He also opposes putting more Mississippi residents on Medicaid under the federal health care law that Democratic President Barack Obama signed in 2010, even with the federal government paying most of the cost.
Are these two positions contradictory?
Bryant says they’re not.
Yet, even the toughest fiscal conservatives in the Legislature could start feeling pressure from health care providers who see Medicaid expansion as a way to pump money into the state to support their livelihoods and improve people’s well-being.
“I absolutely think the state should proceed with expanding Medicaid,” Chris Anderson, CEO of the Pascagoula-based Singing River Health System, said at the Capitol last week after he and administrators of other hospitals appeared before a Senate Public Health panel.
“If we do not expand, we are taking taxpayer dollars from the state of Mississippi and we’re giving it to other states,” Anderson said.
Health care as economic development — just what the governor says he wants. But Bryant has dug in so strongly against Medicaid expansion that turnabout is practically unthinkable.
A new study shows that for every $1 Mississippi would spend on Medicaid expansion, the federal government would spend $14 in the state, on everything from colonoscopies to blood pressure medication to nursing home care. The study was conducted by the Urban Institute for the nonpartisan Kaiser Commission on Medicaid and the Uninsured.
Rachel L. Garfield, senior researcher and associate director of the Kaiser Commission, discussed the findings last week in Jackson at a breakfast hosted by the Mississippi Health Advocacy Program.
The study estimates about 288,000 newly eligible people could be expected to enroll in Medicaid if Mississippi does an expansion. More than 600,000 are enrolled now, in a state just shy of 3 million. The study says another 57,000 who are eligible for Medicaid under current standards could be expected to sign up.
The study estimates that with expansion, Mississippi would pay about $1.2 billion more for Medicaid, stretched over 10 years, and would collect more than $15 billion in federal money.
Medicaid eligibility is based on income, and each state sets its own threshold. The federal poverty level is around $11,000 a year. In Mississippi, an adult’s income must be less than half of that to qualify — one of the lowest levels in the nation.

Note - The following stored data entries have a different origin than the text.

lemma partial_system_degree_le:
  assumes ps: "partial_system k t lam X \<B>" and "t + 1 \<le> k" "1 \<le> t" "v \<in> X"
  shows "card {B \<in> \<B>. v \<in> B} * fact t \<le> lam * card X ^ (t - 1)"
proof -
  obtain r where t: "t = Suc r" using assms(3) by (cases t) auto
  have finX: "finite X" and blocks: "\<And>B. B \<in> \<B> \<Longrightarrow> B \<subseteq> X \<and> card B = k"
    and lam: "\<And>T. T \<subseteq> X \<Longrightarrow> card T = t \<Longrightarrow> card {B \<in> \<B>. T \<subseteq> B} \<le> lam"
    using ps unfolding partial_system_def by auto
  define Bv where "Bv = {B \<in> \<B>. v \<in> B}"
  define Tv where "Tv = {T. T \<subseteq> X \<and> v \<in> T \<and> card T = t}"
  have fin\<B>: "finite \<B>"
    by (rule finite_subset[of _ "Pow X"]) (use blocks finX in auto)
  then have finBv: "finite Bv" unfolding Bv_def by simp
  have finTv: "finite Tv"
    unfolding Tv_def by (rule finite_subset[of _ "Pow X"]) (use finX in auto)
  have per_block: "card {T \<in> Tv. T \<subseteq> B} = (k - 1) choose r" if "B \<in> Bv" for B
  proof -
    have B: "B \<subseteq> X" "card B = k" "v \<in> B" using that blocks unfolding Bv_def by auto
    then have "{T \<in> Tv. T \<subseteq> B} = {T. T \<subseteq> B \<and> v \<in> T \<and> card T = Suc r}"
      unfolding Tv_def t by auto
    moreover have "finite B" using B(1) finX by (rule finite_subset)
    ultimately show ?thesis
      using card_subsets_containing[of B v r] B by simp
  qed
  have per_set: "card {B \<in> Bv. T \<subseteq> B} \<le> lam" if "T \<in> Tv" for T
  proof -
    have "card {B \<in> Bv. T \<subseteq> B} \<le> card {B \<in> \<B>. T \<subseteq> B}"
      using fin\<B> unfolding Bv_def by (intro card_mono) auto
    also have "\<dots> \<le> lam" using that lam unfolding Tv_def by auto
    finally show ?thesis .
  qed
  \<comment> \<open>double counting of the pairs \<open>(B, T)\<close> with \<open>v \<in> T \<subseteq> B\<close>\<close>
  have "card Bv * ((k - 1) choose r) = (\<Sum>B\<in>Bv. card {T \<in> Tv. T \<subseteq> B})"
    using per_block by simp
  also have "\<dots> = (\<Sum>T\<in>Tv. card {B \<in> Bv. T \<subseteq> B})"
    using sum.swap_restrict[OF finBv finTv, of "\<lambda>_ _. 1::nat" "\<lambda>B T. T \<subseteq> B"] by simp
  also have "\<dots> \<le> lam * card Tv"
    using sum_mono[of Tv _ "\<lambda>_. lam"] per_set by (simp add: mult.commute)
  also have "card Tv = (card X - 1) choose r"
    using card_subsets_containing[OF finX assms(4)] unfolding Tv_def t .
  finally have count: "card Bv * ((k - 1) choose r) \<le> lam * ((card X - 1) choose r)" .
  have "t \<le> (k - 1) choose r"
    using binomial_right_mono[of "Suc r" "k - 1" r] assms(2) t by simp
  then have "fact t \<le> ((k - 1) choose r) * fact r"
    unfolding t fact_Suc of_nat_id by (rule mult_le_mono1)
  then have "card Bv * fact t \<le> card Bv * ((k - 1) choose r) * fact r"
    by (simp add: mult.assoc)
  also have "\<dots> \<le> lam * (((card X - 1) choose r) * fact r)"
    using count by (simp add: mult_le_mono1)
  also have "\<dots> \<le> lam * card X ^ r"
    using binomial_fact_pow[of "card X - 1" r] power_mono[of "card X - 1" "card X" r]
    by (simp add: mult_le_mono)
  finally show ?thesis unfolding Bv_def t by simp
qed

Federal law says states have the option of expanding Medicaid eligibility to 138 percent of the federal poverty level, or about $15,000.
“There’s a very large body of research that shows that having health insurance makes a big difference in how people interact with the health care system,” Garfield said. “When they have coverage, they are more likely to seek preventive care, they are more likely to catch a diagnosis of a serious illness early on.”
Rep. David Baria, D-Bay St. Louis, called the Kaiser numbers “eye popping.”
“I don’t know how we can say no to this,” Baria said.
Bryant spokesman Mick Bullock said the governor’s staff hadn’t seen the Kaiser study. Bryant relies on research from the Milliman firm, which shows larger potential enrollment and substantially larger state expenses.
“The federal and state costs associated with the health mandate come from the same place — taxpayers’ pockets,” Bullock said. “Gov. Bryant does not support a huge tax increase, which a Medicaid expansion would necessitate, or directing additional state resources to the program that could otherwise be spent on core government functions like public safety and economic development.”